[[ The input, beginning ]]

(*
  A buyer with k targeted neighbours pays at most price_bound z0 k z, which decreases in k.
  Deleting a vertex of minimum degree d in M together with its neighbours loses at most
  (d + 1) * price_bound z0 d z of revenue and puts the vertex into an independent set;
  iterating, the revenue of M is at most H times the size of an independent subset of M
  whenever H bounds every (k + 1) * price_bound z0 k z, strictly so if M is not independent.
  H = max (price_bound z0 0 z) (2 / (5 * z0)) is such a bound, and the hypothesis on z0 makes
  a * H - gamma * z at most the profit max_profit of selling to a maximum independent set
  (of size a) at precision sqrt (a / gamma) - z0. Hence optimal targets are independent,
  their profit is at most a * price_bound z0 0 z - gamma * z, and by AM-GM this reaches
  max_profit only at that precision.
*)
theory Submission
  imports Defs
begin

lemma price_bound_eq:
  assumes "z0 > 0" "z \<ge> 0"
  shows "price_bound z0 k z = z / ((z0 + real k * z) * (z0 + (real k + 1) * z))"
proof -
  have "z0 + real k * z > 0" "z0 + (real k + 1) * z > 0"
    using assms by (simp_all add: add_pos_nonneg)
  then show ?thesis
    unfolding price_bound_def by (simp add: field_simps)
qed

lemma price_bound_zero: "price_bound z0 0 z = 1 / z0 - 1 / (z0 + z)"
  by (simp add: price_bound_def)

lemma price_bound_pos:
  assumes "z0 > 0" "z > 0"
  shows "price_bound z0 k z > 0"
  using assms by (simp add: price_bound_eq add_pos_nonneg)

lemma price_bound_antimono:
  assumes "z0 > 0" "z \<ge> 0"
  shows "antimono (\<lambda>k. price_bound z0 k z)"
proof (rule antimonoI)
  fix a b :: nat
  assume "a \<le> b"
  then have "(z0 + real a * z) * (z0 + (real a + 1) * z)
      \<le> (z0 + real b * z) * (z0 + (real b + 1) * z)"
    using assms by (intro mult_mono add_left_mono mult_right_mono) (simp_all add: add_nonneg_nonneg)
  moreover have "0 < (z0 + real a * z) * (z0 + (real a + 1) * z)"
    using assms by (simp add: add_pos_nonneg)
  ultimately show "price_bound z0 b z \<le> price_bound z0 a z"
    using assms by (simp add: price_bound_eq frac_le)
qed

lemma scaled_price_bound_less_price_bound_zero:
  assumes "z0 > 0" "z0 < 2 * z" "k \<ge> 1"
  shows "real (k + 1) * price_bound z0 k z < price_bound z0 0 z"
proof -
  define K where "K = real k"
  define D where "D = (z0 + K * z) * (z0 + (K + 1) * z)"
  define E where "E = z0 * (z0 + z)"
  have "K \<ge> 1" "z > 0" using assms by (simp_all add: K_def)
  then have "D > 0" "E > 0" using assms(1) by (simp_all add: D_def E_def add_pos_nonneg)
  \<comment> \<open>this product is D - (K + 1) * E\<close>
  have "0 < K * ((2 * z - z0) * (z + z0) + (K - 1) * z * z)"
    using \<open>K \<ge> 1\<close> \<open>z > 0\<close> assms(1,2) by (intro mult_pos_pos add_pos_nonneg) simp_all
  then have "(K + 1) * E < D"
    by (simp add: D_def E_def algebra_simps)
  then have "(K + 1) * E * z < D * z"
    using \<open>z > 0\<close> by simp
  then have "(K + 1) * (z / D) < z / E"
    using \<open>D > 0\<close> \<open>E > 0\<close> by (simp add: field_simps)
  then show ?thesis
    using assms(1) \<open>z > 0\<close> unfolding price_bound_eq[OF assms(1) less_imp_le[OF \<open>z > 0\<close>]]
    by (simp add: D_def E_def K_def add.commute)
qed

lemma scaled_price_bound_less_small_precision:
  assumes "z0 > 0" "z > 0" "2 * z \<le> z0"
  shows "real (k + 1) * price_bound z0 k z < 2 / (5 * z0)"
proof -
  define u where "u = (real k + 1) * z"
  define D where "D = (z0 + real k * z) * (z0 + u)"
  have "u > 0" using assms by (simp add: u_def add_pos_nonneg)
  have "(z0 + 2 * u) * (z0 + u) \<le> (2 * (z0 + real k * z)) * (z0 + u)"
    using assms \<open>u > 0\<close> by (intro mult_right_mono) (simp_all add: u_def algebra_simps)
  moreover have "5 * z0 * u < (z0 + 2 * u) * (z0 + u)"
  proof -
    have "0 < (z0 - u)\<^sup>2 + u\<^sup>2" using \<open>u > 0\<close> by (simp add: add_nonneg_pos)
    then show ?thesis by (simp add: power2_eq_square algebra_simps)
  qed
  moreover have "(2 * (z0 + real k * z)) * (z0 + u) = 2 * D" by (simp add: D_def)
  ultimately have "5 * z0 * u < 2 * D" by linarith
  moreover have "D > 0" using assms \<open>u > 0\<close> by (simp add: D_def add_pos_nonneg)
  ultimately have "u / D < 2 / (5 * z0)"
    using assms(1) by (simp add: field_simps)
  then show ?thesis
    unfolding price_bound_eq[OF assms(1) less_imp_le[OF assms(2)]]
    by (simp add: D_def u_def add.commute)
qed

lemma scaled_price_bound_less_max:
  assumes "z0 > 0" "z > 0" "k \<ge> 1"
  shows "real (k + 1) * price_bound z0 k z < max (price_bound z0 0 z) (2 / (5 * z0))"
proof (cases "z0 < 2 * z")
  case True
  then show ?thesis
    using scaled_price_bound_less_price_bound_zero[OF assms(1) True assms(3)] by simp
next
  case False
  then show ?thesis
    using scaled_price_bound_less_small_precision[OF assms(1,2), of k] by simp
qed

definition max_profit :: "real \<Rightarrow> real \<Rightarrow> real \<Rightarrow> real" where
  "max_profit z0 \<gamma> a = a / z0 - 2 * sqrt (a * \<gamma>) + \<gamma> * z0"

lemma max_profit_gap:
  assumes "z0 > 0" "\<gamma> > 0" "a \<ge> 0" "z0 + x > 0"
  shows "a * price_bound z0 0 x - \<gamma> * x
    = max_profit z0 \<gamma> a - \<gamma> * (z0 + x - sqrt (a / \<gamma>))\<^sup>2 / (z0 + x)"
proof -
  define t where "t = sqrt (a / \<gamma>)"
  have a_eq: "a = \<gamma> * t\<^sup>2" using assms by (simp add: t_def)
  have "sqrt (a * \<gamma>) = \<gamma> * t"
    using assms by (simp add: t_def real_sqrt_mult real_sqrt_divide field_simps)
  then have "max_profit z0 \<gamma> a - (a * price_bound z0 0 x - \<gamma> * x)
      = a / (z0 + x) + \<gamma> * (z0 + x) - 2 * \<gamma> * t"
    unfolding max_profit_def price_bound_zero by (simp add: algebra_simps)
  also have "\<dots> = \<gamma> * (z0 + x - t)\<^sup>2 / (z0 + x)"
    using assms(4) unfolding a_eq by (simp add: field_simps power2_eq_square)
  finally show ?thesis unfolding t_def by simp
qed

lemma profit_curve_le_max_profit:
  assumes "z0 > 0" "\<gamma> > 0" "a \<ge> 0" "z0 + x > 0"
  shows "a * price_bound z0 0 x - \<gamma> * x \<le> max_profit z0 \<gamma> a"
  using max_profit_gap[OF assms] assms by simp

lemma profit_curve_eq_max_profit_iff:
  assumes "z0 > 0" "\<gamma> > 0" "a \<ge> 0" "z0 + x > 0"
  shows "a * price_bound z0 0 x - \<gamma> * x = max_profit z0 \<gamma> a \<longleftrightarrow> x = sqrt (a / \<gamma>) - z0"
  using max_profit_gap[OF assms] assms by auto

lemma max_profit_lower_bound:
  assumes "z0 > 0" "\<gamma> > 0" "10 * z0 * sqrt \<gamma> \<le> 3"
  shows "2 * real a / (5 * z0) \<le> max_profit z0 \<gamma> (real a)"
proof -
  have "sqrt (real a) \<le> real a"
    by (rule real_le_lsqrt) (simp_all add: power2_eq_square le_square flip: of_nat_mult)
  have "10 * z0 * sqrt (real a * \<gamma>) \<le> 3 * sqrt (real a)"
    using mult_right_mono[OF assms(3), of "sqrt (real a)"]
    by (simp add: real_sqrt_mult algebra_simps)
  also have "\<dots> \<le> 3 * real a" using \<open>sqrt (real a) \<le> real a\<close> by simp
  finally have "2 * sqrt (real a * \<gamma>) \<le> 3 * real a / (5 * z0)"
    using assms(1) by (simp add: field_simps)
  moreover have "0 \<le> \<gamma> * z0" using assms by simp
  ultimately show ?thesis
    unfolding max_profit_def by (simp add: field_simps)
qed

abbreviation deg_in :: "nat \<Rightarrow> (nat \<Rightarrow> nat \<Rightarrow> bool) \<Rightarrow> nat set \<Rightarrow> nat \<Rightarrow> nat" where
  "deg_in n g M i \<equiv> card (nbrs n g i \<inter> M)"

lemma finite_independent_sets: "finite {S. independent_set n g S}"
  by (rule finite_subset[of _ "Pow {1..n}"]) (auto simp: independent_set_def)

[[ The input, end ]]

Keep both end lines and retype everything in the records above from the line containing "H = max (price_bound" through the line containing "imports Defs", exactly, with nothing else.

  H = max (price_bound z0 0 z) (2 / (5 * z0)) is such a bound, and the hypothesis on z0 makes
  a * H - gamma * z at most the profit max_profit of selling to a maximum independent set
  (of size a) at precision sqrt (a / gamma) - z0. Hence optimal targets are independent,
  their profit is at most a * price_bound z0 0 z - gamma * z, and by AM-GM this reaches
  max_profit only at that precision.
*)
theory Submission
  imports Defs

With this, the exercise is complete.